Sheesh! Sweet, sweet, habano goodness!


----------



## tobacmon (May 17, 2007)

Ga getty up-nice un's


----------



## JonDot (Mar 7, 2008)

Exscuse me while I go clean myself up now.


----------



## canney (Sep 2, 2007)

Some good lookin stuff there.
What day are the samples?


----------



## bobaganoosh (Sep 20, 2007)

just by the title alone, I figured this would be posted by Little (big)foot... that being said, that is a incredible pick up.

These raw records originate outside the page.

(* Let $\alpha,\beta$ be cardinals with $\alpha>2$ and $\beta>2$. The class of $(\alpha,\beta)$-representable posets has no universal first-order axiomatization (in the signature consisting of one binary relation $\leq$).
   Context: For posets $P,Q$, a monotone map $h:P\to Q$ is an $(\alpha,\beta)$-morphism if whenever $S\subseteq P$ with $|S|<\alpha$ and $\bigwedge S$ exists in $P$, then $h(\bigwedge S)=\bigwedge h[S]$, and whenever $T\subseteq P$ with $|T|<\beta$ and $\bigvee T$ exists in $P$, then $h(\bigvee T)=\bigvee h[T]$. A poset $P$ is $(\alpha,\beta)$-representable if there is a set $X$ and an $(\alpha,\beta)$-morphism $h:P\to\wp(X)$ that is an order embedding, where $\wp(X)$ is the power set of $X$ ordered by inclusion. *)

theory Defs
  imports Main
begin

datatype fm =
    FEq nat nat
  | FLe nat nat
  | FFalse
  | FNeg fm
  | FConj fm fm
  | FDisj fm fm
  | FImp fm fm
  | FAll nat fm
  | FEx nat fm

fun qfree :: "fm \<Rightarrow> bool" where
  "qfree (FEq x y) = True"
| "qfree (FLe x y) = True"
| "qfree FFalse = True"
| "qfree (FNeg p) = qfree p"
| "qfree (FConj p q) = (qfree p \<and> qfree q)"
| "qfree (FDisj p q) = (qfree p \<and> qfree q)"
| "qfree (FImp p q) = (qfree p \<and> qfree q)"
| "qfree (FAll x p) = False"
| "qfree (FEx x p) = False"

fun freevars :: "fm \<Rightarrow> nat set" where
  "freevars (FEq x y) = {x, y}"
| "freevars (FLe x y) = {x, y}"
| "freevars FFalse = {}"
| "freevars (FNeg p) = freevars p"
| "freevars (FConj p q) = freevars p \<union> freevars q"
| "freevars (FDisj p q) = freevars p \<union> freevars q"
| "freevars (FImp p q) = freevars p \<union> freevars q"
| "freevars (FAll x p) = freevars p - {x}"
| "freevars (FEx x p) = freevars p - {x}"

fun universal :: "fm \<Rightarrow> bool" where
  "universal (FAll x p) = universal p"
| "universal p = qfree p"

definition universal_sentence :: "fm \<Rightarrow> bool" where
  "universal_sentence p \<longleftrightarrow> universal p \<and> freevars p = {}"

fun sat :: "'a set \<Rightarrow> ('a \<Rightarrow> 'a \<Rightarrow> bool) \<Rightarrow> (nat \<Rightarrow> 'a) \<Rightarrow> fm \<Rightarrow> bool" where
  "sat A R e (FEq x y) = (e x = e y)"
| "sat A R e (FLe x y) = R (e x) (e y)"
| "sat A R e FFalse = False"
| "sat A R e (FNeg p) = (\<not> sat A R e p)"
| "sat A R e (FConj p q) = (sat A R e p \<and> sat A R e q)"
| "sat A R e (FDisj p q) = (sat A R e p \<or> sat A R e q)"
| "sat A R e (FImp p q) = (sat A R e p \<longrightarrow> sat A R e q)"
| "sat A R e (FAll x p) = (\<forall>a\<in>A. sat A R (e(x := a)) p)"
| "sat A R e (FEx x p) = (\<exists>a\<in>A. sat A R (e(x := a)) p)"

definition fo_models :: "'a set \<Rightarrow> ('a \<Rightarrow> 'a \<Rightarrow> bool) \<Rightarrow> fm set \<Rightarrow> bool" where
  "fo_models A R T \<longleftrightarrow> (\<forall>p\<in>T. \<forall>e. (\<forall>n. e n \<in> A) \<longrightarrow> sat A R e p)"

definition poset_on :: "'a set \<Rightarrow> ('a \<Rightarrow> 'a \<Rightarrow> bool) \<Rightarrow> bool" where
  "poset_on A R \<longleftrightarrow> (\<forall>x\<in>A. R x x)
     \<and> (\<forall>x\<in>A. \<forall>y\<in>A. R x y \<and> R y x \<longrightarrow> x = y)
     \<and> (\<forall>x\<in>A. \<forall>y\<in>A. \<forall>z\<in>A. R x y \<and> R y z \<longrightarrow> R x z)"

definition is_meet :: "'a set \<Rightarrow> ('a \<Rightarrow> 'a \<Rightarrow> bool) \<Rightarrow> 'a set \<Rightarrow> 'a \<Rightarrow> bool" where
  "is_meet A R S m \<longleftrightarrow> m \<in> A \<and> (\<forall>s\<in>S. R m s) \<and> (\<forall>x\<in>A. (\<forall>s\<in>S. R x s) \<longrightarrow> R x m)"

definition is_join :: "'a set \<Rightarrow> ('a \<Rightarrow> 'a \<Rightarrow> bool) \<Rightarrow> 'a set \<Rightarrow> 'a \<Rightarrow> bool" where
  "is_join A R S m \<longleftrightarrow> m \<in> A \<and> (\<forall>s\<in>S. R s m) \<and> (\<forall>x\<in>A. (\<forall>s\<in>S. R s x) \<longrightarrow> R m x)"

text \<open>Cardinals are cardinal orders (of arbitrary types); |S| < alpha is card_of S <o alpha.
  The meet in the powerset of X of a family is its intersection (X for the empty family),
  the join is its union.\<close>
definition ab_morphism_pow ::
  "'k rel \<Rightarrow> 'l rel \<Rightarrow> 'a set \<Rightarrow> ('a \<Rightarrow> 'a \<Rightarrow> bool) \<Rightarrow> 'b set \<Rightarrow> ('a \<Rightarrow> 'b set) \<Rightarrow> bool" where
  "ab_morphism_pow \<alpha> \<beta> A R X h \<longleftrightarrow>
     (\<forall>x\<in>A. h x \<subseteq> X)
   \<and> (\<forall>x\<in>A. \<forall>y\<in>A. R x y \<longrightarrow> h x \<subseteq> h y)
   \<and> (\<forall>S m. S \<subseteq> A \<and> (card_of S, \<alpha>) \<in> ordLess \<and> is_meet A R S m \<longrightarrow> h m = X \<inter> \<Inter> (h ` S))
   \<and> (\<forall>T m. T \<subseteq> A \<and> (card_of T, \<beta>) \<in> ordLess \<and> is_join A R T m \<longrightarrow> h m = \<Union> (h ` T))"

definition order_embedding_on :: "'a set \<Rightarrow> ('a \<Rightarrow> 'a \<Rightarrow> bool) \<Rightarrow> ('a \<Rightarrow> 'b set) \<Rightarrow> bool" where
  "order_embedding_on A R h \<longleftrightarrow> (\<forall>x\<in>A. \<forall>y\<in>A. R x y \<longleftrightarrow> h x \<subseteq> h y)"

text \<open>The set X is taken to be a set of subsets of the
  carrier type; this is without loss of generality (replace each point x of an arbitrary X by
  the set of elements p with x in h p).\<close>
definition ab_representable ::
  "'k rel \<Rightarrow> 'l rel \<Rightarrow> 'a set \<Rightarrow> ('a \<Rightarrow> 'a \<Rightarrow> bool) \<Rightarrow> bool" where
  "ab_representable \<alpha> \<beta> A R \<longleftrightarrow> poset_on A R \<and>
     (\<exists>(X :: 'a set set) h. ab_morphism_pow \<alpha> \<beta> A R X h \<and> order_embedding_on A R h)"

end

theory Submission
  imports Defs
begin

text \<open>Universal sentences are preserved under substructures, so the class of
  (\<alpha>,\<beta>)-representable posets would be closed under subposets.  It is not: the powerset of
  a three-element set is representable, but its subposet M3 (bottom 0, three atoms a, b, c,
  top 1) is not.  A map h preserving the binary meets a \<and> c = 0 = b \<and> c and the binary join
  a \<or> b = 1 satisfies h(c) = h(c) \<inter> (h(a) \<union> h(b)) = h(0), so it is no order embedding.\<close>

lemma sat_qfree_carrier_indep: "qfree p \<Longrightarrow> sat A R e p = sat B R e p"
  by (induction p arbitrary: e) auto

lemma sat_universal_substructure:
  assumes "universal p" "B \<subseteq> A" "\<forall>n. e n \<in> B" "sat A R e p"
  shows "sat B R e p"
  using assms
proof (induction p arbitrary: e)
  case (FAll x p)
  then show ?case by auto
qed (auto simp del: sat.simps intro: sat_qfree_carrier_indep[THEN iffD1])

lemma fo_models_universal_substructure:
  assumes "\<forall>p\<in>T. universal p" "fo_models A R T" "B \<subseteq> A"
  shows "fo_models B R T"
  using assms sat_universal_substructure unfolding fo_models_def by (metis subsetD)

lemma is_meet_set_family:
  assumes "is_meet A (\<lambda>x y. H x \<subseteq> H y) S m" "H ` A \<subseteq> Pow X" "X \<inter> \<Inter>(H ` S) \<in> H ` A"
  shows "H m = X \<inter> \<Inter>(H ` S)"
proof -
  obtain m' where "m' \<in> A" "H m' = X \<inter> \<Inter>(H ` S)" using assms(3) by blast
  then show ?thesis using assms(1,2) unfolding is_meet_def by blast
qed

lemma is_join_set_family:
  assumes "is_join A (\<lambda>x y. H x \<subseteq> H y) S m" "\<Union>(H ` S) \<in> H ` A"
  shows "H m = \<Union>(H ` S)"
proof -
  obtain m' where "m' \<in> A" "H m' = \<Union>(H ` S)" using assms(2) by blast
  then show ?thesis using assms(1) unfolding is_join_def by blast
qed

lemma ab_representable_set_family:
  fixes H :: "'a \<Rightarrow> 'a set set"
  assumes "inj_on H A" "H ` A \<subseteq> Pow X"
    and "\<And>S. S \<subseteq> A \<Longrightarrow> X \<inter> \<Inter>(H ` S) \<in> H ` A"
    and "\<And>S. S \<subseteq> A \<Longrightarrow> \<Union>(H ` S) \<in> H ` A"
  shows "ab_representable \<alpha> \<beta> A (\<lambda>x y. H x \<subseteq> H y)"
proof -
  have "poset_on A (\<lambda>x y. H x \<subseteq> H y)"
    using assms(1) unfolding poset_on_def by (auto dest: inj_onD)
  moreover have "ab_morphism_pow \<alpha> \<beta> A (\<lambda>x y. H x \<subseteq> H y) X H"
    unfolding ab_morphism_pow_def
  proof (intro conjI allI impI)
    fix S m assume "S \<subseteq> A \<and> (card_of S, \<alpha>) \<in> ordLess \<and> is_meet A (\<lambda>x y. H x \<subseteq> H y) S m"
    then show "H m = X \<inter> \<Inter>(H ` S)"
      using is_meet_set_family[OF _ assms(2) assms(3)] by blast
  next
    fix S m assume "S \<subseteq> A \<and> (card_of S, \<beta>) \<in> ordLess \<and> is_join A (\<lambda>x y. H x \<subseteq> H y) S m"
    then show "H m = \<Union>(H ` S)"
      using is_join_set_family[OF _ assms(4)] by blast
  qed (use assms(2) in auto)
  moreover have "order_embedding_on A (\<lambda>x y. H x \<subseteq> H y) H"
    unfolding order_embedding_on_def by blast
  ultimately show ?thesis
    unfolding ab_representable_def by (intro conjI exI)
qed

lemma card_of_doubleton_ordLess:
  assumes "(card_of {0::nat, 1}, \<alpha>) \<in> ordLess"
  shows "(card_of {x, y}, \<alpha>) \<in> ordLess"
proof -
  let ?f = "\<lambda>u. if u = x then 0 else 1::nat"
  have "inj_on ?f {x, y}" "?f ` {x, y} \<subseteq> {0, 1}"
    by (auto simp: inj_on_def)
  then have "(card_of {x, y}, card_of {0::nat, 1}) \<in> ordLeq"
    using card_of_ordLeq by blast
  then show ?thesis using assms by (rule ordLeq_ordLess_trans)
qed

lemma ab_morphism_powD:
  assumes "ab_morphism_pow \<alpha> \<beta> A R X h"
  shows "x \<in> A \<Longrightarrow> h x \<subseteq> X"
    and "\<lbrakk>S \<subseteq> A; (card_of S, \<alpha>) \<in> ordLess; is_meet A R S m\<rbrakk> \<Longrightarrow> h m = X \<inter> \<Inter>(h ` S)"
    and "\<lbrakk>T \<subseteq> A; (card_of T, \<beta>) \<in> ordLess; is_join A R T m\<rbrakk> \<Longrightarrow> h m = \<Union>(h ` T)"
  using assms unfolding ab_morphism_pow_def by simp_all

lemma not_ab_representable_if_nondistributive:
  fixes Q :: "'a set"
  assumes "(card_of {0::nat, 1}, \<alpha>) \<in> ordLess" "(card_of {0::nat, 1}, \<beta>) \<in> ordLess"
    and "a \<in> Q" "b \<in> Q" "c \<in> Q"
    and "is_meet Q R {a, c} z" "is_meet Q R {b, c} z" "is_join Q R {a, b} t"
    and "R c t" "\<not> R c z"
  shows "\<not> ab_representable \<alpha> \<beta> Q R"
proof
  assume "ab_representable \<alpha> \<beta> Q R"
  then obtain X :: "'a set set" and h
    where morphism: "ab_morphism_pow \<alpha> \<beta> Q R X h" and embedding: "order_embedding_on Q R h"
    unfolding ab_representable_def by blast
  have "z \<in> Q" "t \<in> Q"
    using assms(6,8) unfolding is_meet_def is_join_def by blast+
  have "h z = X \<inter> h a \<inter> h c"
    using ab_morphism_powD(2)[OF morphism _ card_of_doubleton_ordLess[OF assms(1)] assms(6)] assms(3,5)
    by auto
  moreover have "h z = X \<inter> h b \<inter> h c"
    using ab_morphism_powD(2)[OF morphism _ card_of_doubleton_ordLess[OF assms(1)] assms(7)] assms(4,5)
    by auto
  moreover have "h t = h a \<union> h b"
    using ab_morphism_powD(3)[OF morphism _ card_of_doubleton_ordLess[OF assms(2)] assms(8)] assms(3,4)
    by auto
  moreover have "h c \<subseteq> X"
    using ab_morphism_powD(1)[OF morphism assms(5)] .
  moreover have "h c \<subseteq> h t"
    using embedding assms(5,9) \<open>t \<in> Q\<close> unfolding order_embedding_on_def by blast
  ultimately have "h c \<subseteq> h z"
    by blast
  then show False
    using embedding assms(5,10) \<open>z \<in> Q\<close> unfolding order_embedding_on_def by blast
qed

lemma not_ab_representable_M3:
  fixes H :: "'a \<Rightarrow> 'b set"
  assumes "(card_of {0::nat, 1}, \<alpha>) \<in> ordLess" "(card_of {0::nat, 1}, \<beta>) \<in> ordLess"
    and "H z = {}" "H a = {u}" "H b = {v}" "H c = {w}" "H t = {u, v, w}"
    and "u \<noteq> v" "u \<noteq> w" "v \<noteq> w"
  shows "\<not> ab_representable \<alpha> \<beta> {z, a, b, c, t} (\<lambda>x y. H x \<subseteq> H y)"
  by (rule not_ab_representable_if_nondistributive[OF assms(1,2), where a = a and b = b and c = c
        and z = z and t = t])
    (use assms(3-) in \<open>auto simp: is_meet_def is_join_def\<close>)

lemma ab_representable_not_hereditary:
  assumes "(card_of {0::nat, 1}, \<alpha>) \<in> ordLess" "(card_of {0::nat, 1}, \<beta>) \<in> ordLess"
    and "infinite (UNIV :: 'a set)"
  shows "\<exists>(A :: 'a set) R Q. ab_representable \<alpha> \<beta> A R \<and> Q \<subseteq> A \<and> Q \<noteq> {} \<and> \<not> ab_representable \<alpha> \<beta> Q R"
proof -
  have "infinite (UNIV :: 'a set set)"
    using assms(3) finite_Pow_iff[of "UNIV :: 'a set"] by simp
  then obtain Y :: "'a set set" where "finite Y" "card Y = 3"
    using infinite_arbitrarily_large by blast
  then obtain u v w where Y: "Y = {u, v, w}" "u \<noteq> v" "v \<noteq> w" "u \<noteq> w"
    by (auto simp: card_3_iff)
  obtain A :: "'a set" where "finite A" "card A = card (Pow Y)"
    using infinite_arbitrarily_large[OF assms(3)] by blast
  then obtain H where H: "bij_betw H A (Pow Y)"
    using finite_same_card_bij[of A "Pow Y"] \<open>finite Y\<close> by auto
  then have representable: "ab_representable \<alpha> \<beta> A (\<lambda>x y. H x \<subseteq> H y)"
    by (intro ab_representable_set_family[where X = Y]) (auto simp: bij_betw_def)
  let ?G = "inv_into A H"
  have G: "?G S \<in> A" "H (?G S) = S" if "S \<subseteq> Y" for S
    using H that by (auto simp: bij_betw_def inv_into_into f_inv_into_f)
  have "{?G {}, ?G {u}, ?G {v}, ?G {w}, ?G Y} \<subseteq> A"
    using G Y(1) by simp
  moreover have "\<not> ab_representable \<alpha> \<beta> {?G {}, ?G {u}, ?G {v}, ?G {w}, ?G Y} (\<lambda>x y. H x \<subseteq> H y)"
    by (rule not_ab_representable_M3[OF assms(1,2), where u = u and v = v and w = w])
      (use G Y in simp_all)
  ultimately show ?thesis
    using representable by blast
qed

theorem corollary2p9:
  fixes \<alpha> :: "'k rel" and \<beta> :: "'l rel"
  assumes "Card_order \<alpha>" and "Card_order \<beta>"
    and "(card_of {0::nat, 1}, \<alpha>) \<in> ordLess" and "(card_of {0::nat, 1}, \<beta>) \<in> ordLess"
    and "infinite (UNIV :: 'a set)"
  shows "\<not> (\<exists>T. (\<forall>p\<in>T. universal_sentence p) \<and>
            (\<forall>(A :: 'a set) R. A \<noteq> {} \<longrightarrow> (fo_models A R T \<longleftrightarrow> ab_representable \<alpha> \<beta> A R)))"
proof
  assume "\<exists>T. (\<forall>p\<in>T. universal_sentence p) \<and>
            (\<forall>(A :: 'a set) R. A \<noteq> {} \<longrightarrow> (fo_models A R T \<longleftrightarrow> ab_representable \<alpha> \<beta> A R))"
  then obtain T where T_universal: "\<forall>p\<in>T. universal p"
    and axiomatizes: "\<And>(A :: 'a set) R. A \<noteq> {} \<Longrightarrow> fo_models A R T \<longleftrightarrow> ab_representable \<alpha> \<beta> A R"
    unfolding universal_sentence_def by blast
  obtain A :: "'a set" and R Q where "ab_representable \<alpha> \<beta> A R" "Q \<subseteq> A" "Q \<noteq> {}"
    and not_representable: "\<not> ab_representable \<alpha> \<beta> Q R"
    using ab_representable_not_hereditary[OF assms(3-5)] by blast
  then have "fo_models A R T"
    using axiomatizes by blast
  then have "fo_models Q R T"
    using fo_models_universal_substructure[OF T_universal _ \<open>Q \<subseteq> A\<close>] by blast
  then show False
    using axiomatizes[OF \<open>Q \<noteq> {}\<close>] not_representable by blast
qed

end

Looks like someone has talked to "cuban lou"...

great pics.


----------



## jam (Dec 29, 2007)

wow those are some beauty's


----------



## LkyLindy (Feb 1, 2008)

Wow-
You are a hound!!!!!!!!!!


----------



## jitzy (Jan 7, 2007)

wow wow wow wow Fish I need to come hang out with you just so I could try one of the cohiba maduro's amazing pickup brother


----------



## iloveclmore (Jan 23, 2008)

I wish I could afford that stuff haha. Nice pickups!


----------



## suckapuff (Mar 30, 2008)

I just wish I lived in a country that I could get that stuff.


----------



## Fatmandu (Mar 18, 2008)

WOW! Talk about self abuse...thats a self whoop'n! Good one!


----------



## dj5213 (Apr 7, 2008)

sweet pickup man!!! talk about some good taste...haha


----------



## CaptainJeebes (Apr 26, 2008)

It seems my peepee has been stricken with rigamortis


----------



## karmaz00 (Dec 5, 2007)

very nice


----------



## hiway_86 (Jan 9, 2008)

Holy crap man!!!!!


----------



## DOZER (Sep 30, 2007)

Amazing pickup!!!


----------



## Cypress (Jun 27, 2007)

Wow, very nice pick up.


----------



## Doogie (Oct 15, 2007)

thats one hell of a pickup


----------